Physical Explanation for “Kolmogorov -5/3 spectrum” in Fluid Mechanics

Question

According to Kolmogorov, the energy spectrum function of a turbulent fluid is given as,

$E(k)=C\epsilon^{\frac{2}{3}}k^{\frac{-5}{3}}$

where $\epsilon$ is the energy flux and $k=\frac{2\pi}{r}$ where $r$ is the length scale.

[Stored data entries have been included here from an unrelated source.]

(* Let $r_i,n_i,k_{ij}$ ($i,j\in[d]$) be integers with $r_i\ge0$, $r_1+\dots+r_d\ge1$, $k_{ij}\ge0$ for $i\ne j$, $-k_{jj}=r_j+\sum_{i\ne j}k_{ij}$ for all $j$, $n_i\ge-k_{ii}$ and $-k_{ii}>0$ for all $i$; put $k'_{ii}=n_i+k_{ii}$ and $k'_{ij}=k_{ij}$ for $i\ne j$. Let $\mathrm U=\prod_{i=1}^d\{0,1,\dots,n_i\}$ and let $\mathrm N=(N_{i,\mathrm u})_{i\in[d],\mathrm u\in\mathrm U}$ be nonnegative integers with $n_i=\sum_{\mathrm u\in\mathrm U}N_{i,\mathrm u}$ and $k'_{ij}=\sum_{\mathrm u\in\mathrm U}u_jN_{i,\mathrm u}$ for $i,j\in[d]$. Let $\mathcal F_d^{k_{ij},\mathrm n}(\mathrm N)$ be the set of $d$-type plane forests with $n_i$ vertices of type $i$, $r_i$ roots of type $i$, exactly $k_{ij}$ vertices of type $j$ with a parent of type $i$ for $i\ne j$, and exactly $N_{i,\mathrm u}$ vertices of type $i$ with indegree type $\mathrm u$ for every $i\in[d]$, $\mathrm u\in\mathrm U$. Then $$\left|\mathcal F_d^{k_{ij},\mathrm n}(\mathrm N)\right|=\frac{\prod_{j=1}^d(n_j-1)!\,\det(-k_{ij})}{\prod_{i\in[d],\mathrm u\in\mathrm U}N_{i,\mathrm u}!}.$$
   Context: $d\ge2$, $[d]=\{1,\dots,d\}$. A $d$-type plane forest is a finite sequence of finite rooted plane (ordered) trees whose vertices each carry a type in $[d]$, such that children of a common parent appear from left to right in nondecreasing order of type; forests are unlabeled (counted up to isomorphism preserving tree order, planar order and types). A vertex has indegree type $\mathrm u=(u_1,\dots,u_d)$ if it has exactly $u_j$ children of type $j$ for each $j\in[d]$.
   Formalization: In a d-type plane forest the roots, like the children of a common parent, also appear from left to right in nondecreasing order of type, not in arbitrary order. The statement above fails without it. *)

theory Defs
  imports Main "Jordan_Normal_Form.Determinant"
begin
text \<open>Tilting by \<open>exp (- \<lambda> t)\<close> with \<open>\<lambda> = (u - 1) / (2 y)\<close> shrinks the noise variance to \<open>y / u\<close>
  and the signal to \<open>s / u\<close>; \<open>u = 2 x / cA x y z\<close> is the choice for which the tilted mean
  \<open>x / u\<^sup>2 + y / u\<close> of the normalised squared distance equals \<open>z\<close>.\<close>

lemma rate_f_tilt_parameters:
  fixes x y z :: real
  assumes x: "x > 0" and y: "y > 0" and z: "z > 0" and zxy: "z \<le> x + y"
    and u: "u = 2 * x / cA x y z"
  shows "1 \<le> u" "z = x / u\<^sup>2 + y / u" "rate_f x y z = (u - 1) / (2 * y) * (x / u - z) + ln u / 2"
proof -
  note A = cA_pos_le[OF x y z zxy]
  have A_u: "cA x y z = 2 * x / u"
    using A x unfolding u by simp
  show "1 \<le> u"
    using A unfolding u by simp
  then have "u > 0"
    by simp
  have "4 * x * (x / u\<^sup>2 + y / u) = 4 * x * z"
    using cA_quadratic[of y x z] x y z unfolding A_u
    by (simp add: power_divide algebra_simps power2_eq_square)
  then show "z = x / u\<^sup>2 + y / u"
    using x by simp
  have "ln (cA x y z / (2 * x)) = - ln u"
    unfolding A_u using x \<open>u > 0\<close> by (simp add: ln_div)
  then show "rate_f x y z = (u - 1) / (2 * y) * (x / u - z) + ln u / 2"
    unfolding rate_f_def using zxy x y \<open>u > 0\<close> by (simp add: A_u field_simps)
qed

lemma rate_f_at_mean:
  assumes "x > 0" "y > 0"
  shows "rate_f x y (x + y) = 0"
proof -
  have "y\<^sup>2 + 4 * x * (x + y) = (2 * x + y)\<^sup>2"
    by (simp add: power2_eq_square algebra_simps)
  then have "cA x y (x + y) = 2 * x"
    unfolding cA_def using assms by simp
  then show ?thesis
    unfolding rate_f_def using assms by (simp add: field_simps)
qed

section \<open>Large deviation bounds\<close>

lemma gauss_ball_prob_tilted_bounds:
  fixes x y z :: real
  assumes x: "x > 0" and y: "y > 0" and z: "z > 0" and zxy: "z \<le> x + y"
    and n: "n = Suc k" and s: "(\<Sum>i<n. (s i)\<^sup>2) = real n * x" and u: "u = 2 * x / cA x y z"
  shows "gauss_ball_prob n y s z \<le> exp (- real n * rate_f x y z)"
    and "exp (- real n * rate_f x y z - (u - 1) / (2 * y))
           * measure (ncchi2 (sqrt (y / u)) (sqrt (real n * x) / u) \<star> chi2 (sqrt (y / u)) k)
               {real n * z - 1 .. real n * z}
         \<le> gauss_ball_prob n y s z"
proof -
  note param = rate_f_tilt_parameters[OF x y z zxy u]
  define l where "l = (u - 1) / (2 * y)"
  define a where "a = sqrt (real n * x)"
  define c where "c = exp (- l * a\<^sup>2 / u - real n * ln u / 2)"
  define L where "L = (ncchi2 (sqrt y) a \<star> chi2 (sqrt y) k)"
  define L' where "L' = (ncchi2 (sqrt (y / u)) (a / u) \<star> chi2 (sqrt (y / u)) k)"
  have "u > 0" "l \<ge> 0" "a\<^sup>2 = real n * x"
    using param(1) y x unfolding l_def a_def by auto
  have "1 + 2 * l * (sqrt y)\<^sup>2 = u"
    using y unfolding l_def by (simp add: field_simps)
  from exp_tilt_ncchi2_convolution_chi2[OF _ \<open>u > 0\<close> this, of a k]
  have tilt: "exp_tilt L L' c l"
    using y n unfolding L_def L'_def c_def by (simp add: real_sqrt_divide)
  have "prob_space L" "prob_space L'"
    unfolding L_def L'_def using y \<open>u > 0\<close>
    by (intro prob_space_convolution prob_space_ncchi2 prob_space_chi2; simp)+
  note bounds = exp_tilt_measure_atMost_bounds[OF tilt this _ _ _ \<open>l \<ge> 0\<close>, unfolded L_def L'_def]
  have P: "gauss_ball_prob n y s z = measure L {..real n * z}"
    unfolding L_def a_def s[symmetric] using y n by (rule gauss_ball_prob_eq_convolution)
  have rate: "c * exp (l * (real n * z)) = exp (- real n * rate_f x y z)"
    unfolding c_def param(3) \<open>a\<^sup>2 = real n * x\<close> l_def exp_add[symmetric]
    using \<open>u > 0\<close> y by (simp add: field_simps)
  show "gauss_ball_prob n y s z \<le> exp (- real n * rate_f x y z)"
    using bounds(1) unfolding P L_def rate[symmetric] by (simp add: c_def)
  have "c * exp (l * (real n * z - 1)) = c * exp (l * (real n * z)) * exp (- l)"
    by (simp add: right_diff_distrib exp_diff exp_minus field_simps)
  also have "\<dots> = exp (- real n * rate_f x y z) * exp (- l)"
    unfolding rate ..
  also have "\<dots> = exp (- real n * rate_f x y z - (u - 1) / (2 * y))"
    unfolding l_def by (simp add: exp_diff exp_minus field_simps)
  finally show "exp (- real n * rate_f x y z - (u - 1) / (2 * y))
           * measure (ncchi2 (sqrt (y / u)) (sqrt (real n * x) / u) \<star> chi2 (sqrt (y / u)) k)
               {real n * z - 1 .. real n * z}
         \<le> gauss_ball_prob n y s z"
    using bounds(2)[of "real n * z"] unfolding P L_def a_def by (simp add: c_def)
qed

The normal explanation I see in most physics texts and articles is that the -5/3 exponent is found purely through dimensional analysis. Obviously dimensional analysis is very useful, but often times there is a more physical explanation as well. Does anyone have any insights?

Answer 1

The standard explanation is that there is a constant flux of energy from large eddies to smaller eddies. The time scale for an eddy of scale $r$ to turn over is $\tau \sim \frac{r}{v(r)}\sim \frac{1}{kv}$, the energy density for scale $r$ is $\sim v(r)^2$, so you get an energy flux rate $\epsilon \sim v^2/\tau \sim v^3k$ which is assumed constant. You then estimate she spectral energy density as $E \sim v^2/k \sim \epsilon^{2/3}k^{-2/3 -1} = \epsilon^{2/3} k^{-5/3}$. I hope that is a little better than pure dimensional analysis.